◆ EXERCISE GOAL: Every line below that carries the word "subseteq" needs to be copied.

= = = =

(* Let $\vartheta$ be a primitive random substitution. If $X_\vartheta$ contains a periodic element (some $x$ with $\sigma^n(x)=x$ for some $n\ge1$), then $\operatorname{Aut}(X_\vartheta)$ is residually finite.
   Context: A random substitution on a finite alphabet $\mathcal A$ is a map $\vartheta$ from $\mathcal A$ to non-empty finite sets of non-empty words, extended to words by concatenating choices and iterated. Legal words are subwords of words in some $\vartheta^p(a)$; $X_\vartheta\subseteq\mathcal A^{\mathbb Z}$ is the set of sequences all of whose subwords are legal, with shift $\sigma(x)_i=x_{i+1}$; $\operatorname{Aut}(X_\vartheta)$ is the group of shift-commuting homeomorphisms of $X_\vartheta$. $\vartheta$ is primitive if for some $p\ge1$ every letter occurs in some word of $\vartheta^p(b)$ for every $b\in\mathcal A$. *)

theory Defs
  imports "HOL-Analysis.Function_Topology" "HOL-Algebra.Coset" "HOL-Library.Sublist"
begin

definition random_subst :: "('a \<Rightarrow> 'a list set) \<Rightarrow> bool" where
  "random_subst \<theta> \<longleftrightarrow> (\<forall>a. \<theta> a \<noteq> {} \<and> finite (\<theta> a) \<and> (\<forall>w\<in>\<theta> a. w \<noteq> []))"

fun subst_word :: "('a \<Rightarrow> 'a list set) \<Rightarrow> 'a list \<Rightarrow> 'a list set" where
  "subst_word \<theta> [] = {[]}"
| "subst_word \<theta> (a # u) = {v @ w | v w. v \<in> \<theta> a \<and> w \<in> subst_word \<theta> u}"

fun subst_pow :: "('a \<Rightarrow> 'a list set) \<Rightarrow> nat \<Rightarrow> 'a \<Rightarrow> 'a list set" where
  "subst_pow \<theta> 0 a = {[a]}"
| "subst_pow \<theta> (Suc p) a = \<Union> (subst_word \<theta> ` subst_pow \<theta> p a)"

definition primitive_subst :: "('a \<Rightarrow> 'a list set) \<Rightarrow> bool" where
  "primitive_subst \<theta> \<longleftrightarrow> (\<exists>p\<ge>1. \<forall>a b. \<exists>w\<in>subst_pow \<theta> p b. a \<in> set w)"

definition legal :: "('a \<Rightarrow> 'a list set) \<Rightarrow> 'a list \<Rightarrow> bool" where
  "legal \<theta> u \<longleftrightarrow> (\<exists>a p w. w \<in> subst_pow \<theta> p a \<and> sublist u w)"

definition subshift :: "('a \<Rightarrow> 'a list set) \<Rightarrow> (int \<Rightarrow> 'a) set" where
  "subshift \<theta> = {x. \<forall>(i::int) (n::nat). legal \<theta> (map (\<lambda>k. x (i + int k)) [0..<n])}"

definition shift :: "(int \<Rightarrow> 'a) \<Rightarrow> (int \<Rightarrow> 'a)" where
  "shift x = (\<lambda>i. x (i + 1))"

definition fullshift_top :: "(int \<Rightarrow> 'a) topology" where
  "fullshift_top = product_topology (\<lambda>_. discrete_topology UNIV) UNIV"

definition automs :: "(int \<Rightarrow> 'a) set \<Rightarrow> ((int \<Rightarrow> 'a) \<Rightarrow> (int \<Rightarrow> 'a)) set" where
  "automs X = {f. homeomorphic_map (subtopology fullshift_top X) (subtopology fullshift_top X) f
                 \<and> (\<forall>x\<in>X. f (shift x) = shift (f x)) \<and> f \<in> extensional X}"

definition Aut_group :: "(int \<Rightarrow> 'a) set \<Rightarrow> ((int \<Rightarrow> 'a) \<Rightarrow> (int \<Rightarrow> 'a)) monoid" where
  "Aut_group X = \<lparr>carrier = automs X, mult = (\<lambda>f g. restrict (f \<circ> g) X), one = restrict id X\<rparr>"

definition residually_finite :: "('g, 'b) monoid_scheme \<Rightarrow> bool" where
  "residually_finite G \<longleftrightarrow>
     (\<forall>g\<in>carrier G. g \<noteq> \<one>\<^bsub>G\<^esub> \<longrightarrow> (\<exists>N. N \<lhd> G \<and> finite (rcosets\<^bsub>G\<^esub> N) \<and> g \<notin> N))"

end

theory Submission
  imports Defs "HOL-Algebra.Bij"
begin

text \<open>
  An automorphism g \<noteq> id moves some point x, and by continuity g moves every point that agrees
  with x on a large enough window. Periodic points of X_\<theta> are dense once there is one:
  realising \<theta>^m letter by letter on a period block w yields a block whose powers are still legal,
  and by primitivity the realisation of the first letter of w can be chosen to contain any given
  legal word. Hence g moves a point of some period n. Every automorphism permutes the finitely many
  points of period n, and the kernel of this action is a normal subgroup of finite index not
  containing g.
\<close>

section \<open>Residual finiteness from finite quotients\<close>

lemma (in group_hom) finite_rcosets_kernel:
  assumes "finite (carrier H)"
  shows "finite (rcosets\<^bsub>G\<^esub> (kernel G H h))"
proof -
  have "(\<lambda>X. the_elem (h ` X)) ` carrier (G Mod kernel G H h) \<subseteq> carrier H"
    using FactGroup_the_elem_mem by blast
  then have "finite (carrier (G Mod kernel G H h))"
    using FactGroup_inj_on assms finite_imageD finite_subset by blast
  then show ?thesis
    by (simp add: FactGroup_def)
qed

lemma residually_finiteI:
  fixes G :: "('g, 'm) monoid_scheme"
  assumes "group G"
    and "\<And>g. g \<in> carrier G \<Longrightarrow> g \<noteq> \<one>\<^bsub>G\<^esub> \<Longrightarrow>
      \<exists>(H :: ('h, 'n) monoid_scheme) h. group H \<and> finite (carrier H) \<and> h \<in> hom G H \<and> h g \<noteq> \<one>\<^bsub>H\<^esub>"
  shows "residually_finite G"
  unfolding residually_finite_def
proof (intro ballI impI)
  fix g assume "g \<in> carrier G" "g \<noteq> \<one>\<^bsub>G\<^esub>"
  then obtain H :: "('h, 'n) monoid_scheme" and h
    where "group H" "finite (carrier H)" "h \<in> hom G H" "h g \<noteq> \<one>\<^bsub>H\<^esub>"
    using assms(2) by blast
  then interpret group_hom G H h
    using assms(1) by (simp add: group_hom_def group_hom_axioms_def)
  show "\<exists>N. N \<lhd> G \<and> finite (rcosets\<^bsub>G\<^esub> N) \<and> g \<notin> N"
    using normal_kernel finite_rcosets_kernel \<open>finite (carrier H)\<close> \<open>h g \<noteq> \<one>\<^bsub>H\<^esub>\<close>
    by (auto simp: kernel_def)
qed

lemma finite_Bij: "finite S \<Longrightarrow> finite (Bij S)"
  by (rule finite_subset[of _ "S \<rightarrow>\<^sub>E S"])
    (auto simp: Bij_def PiE_iff bij_betw_apply finite_PiE extensional_def)

section \<open>Automorphisms of subshifts with dense periodic points\<close>

lemma topspace_fullshift_top [simp]: "topspace fullshift_top = UNIV"
  by (simp add: fullshift_top_def)

lemma automsD:
  assumes "f \<in> automs X"
  shows "homeomorphic_map (subtopology fullshift_top X) (subtopology fullshift_top X) f"
    and "\<And>x. x \<in> X \<Longrightarrow> f (shift x) = shift (f x)"
    and "f \<in> extensional X"
    and "f ` X = X"
    and "inj_on f X"
proof -
  show hom: "homeomorphic_map (subtopology fullshift_top X) (subtopology fullshift_top X) f"
    and "\<And>x. x \<in> X \<Longrightarrow> f (shift x) = shift (f x)" "f \<in> extensional X"
    using assms unfolding automs_def by blast+
  show "f ` X = X" "inj_on f X"
    using homeomorphic_imp_surjective_map[OF hom] homeomorphic_imp_injective_map[OF hom] by simp_all
qed

lemma automs_mem: "f \<in> automs X \<Longrightarrow> x \<in> X \<Longrightarrow> f x \<in> X"
  using automsD(4) by blast

lemma Aut_group_simps [simp]:
  "carrier (Aut_group X) = automs X"
  "mult (Aut_group X) f g = restrict (f \<circ> g) X"
  "one (Aut_group X) = restrict id X"
  by (simp_all add: Aut_group_def)

lemma restrict_in_automsI:
  assumes "homeomorphic_map (subtopology fullshift_top X) (subtopology fullshift_top X) f"
    and "\<And>x. x \<in> X \<Longrightarrow> f (shift x) = shift (f x)"
    and "shift ` X \<subseteq> X"
  shows "restrict f X \<in> automs X"
proof -
  have "homeomorphic_map (subtopology fullshift_top X) (subtopology fullshift_top X) (restrict f X)"
    using assms(1) by (rule homeomorphic_map_eq) simp
  then show ?thesis
    using assms(2,3) unfolding automs_def by auto
qed

lemma restrict_comp_in_automs:
  assumes "shift ` X \<subseteq> X" "f \<in> automs X" "g \<in> automs X"
  shows "restrict (f \<circ> g) X \<in> automs X"
proof (rule restrict_in_automsI[OF _ _ assms(1)])
  show "homeomorphic_map (subtopology fullshift_top X) (subtopology fullshift_top X) (f \<circ> g)"
    using automsD(1)[OF assms(2)] automsD(1)[OF assms(3)] homeomorphic_map_compose by blast
  show "(f \<circ> g) (shift x) = shift ((f \<circ> g) x)" if "x \<in> X" for x
    using that automsD(2)[OF assms(2)] automsD(2)[OF assms(3)] automs_mem[OF assms(3)] by simp
qed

= = = =

◆ EXERCISE SOLUTION:
   Context: A random substitution on a finite alphabet $\mathcal A$ is a map $\vartheta$ from $\mathcal A$ to non-empty finite sets of non-empty words, extended to words by concatenating choices and iterated. Legal words are subwords of words in some $\vartheta^p(a)$; $X_\vartheta\subseteq\mathcal A^{\mathbb Z}$ is the set of sequences all of whose subwords are legal, with shift $\sigma(x)_i=x_{i+1}$; $\operatorname{Aut}(X_\vartheta)$ is the group of shift-commuting homeomorphisms of $X_\vartheta$. $\vartheta$ is primitive if for some $p\ge1$ every letter occurs in some word of $\vartheta^p(b)$ for every $b\in\mathcal A$. *)
  have "(\<lambda>X. the_elem (h ` X)) ` carrier (G Mod kernel G H h) \<subseteq> carrier H"
    and "shift ` X \<subseteq> X"
  assumes "shift ` X \<subseteq> X" "f \<in> automs X" "g \<in> automs X"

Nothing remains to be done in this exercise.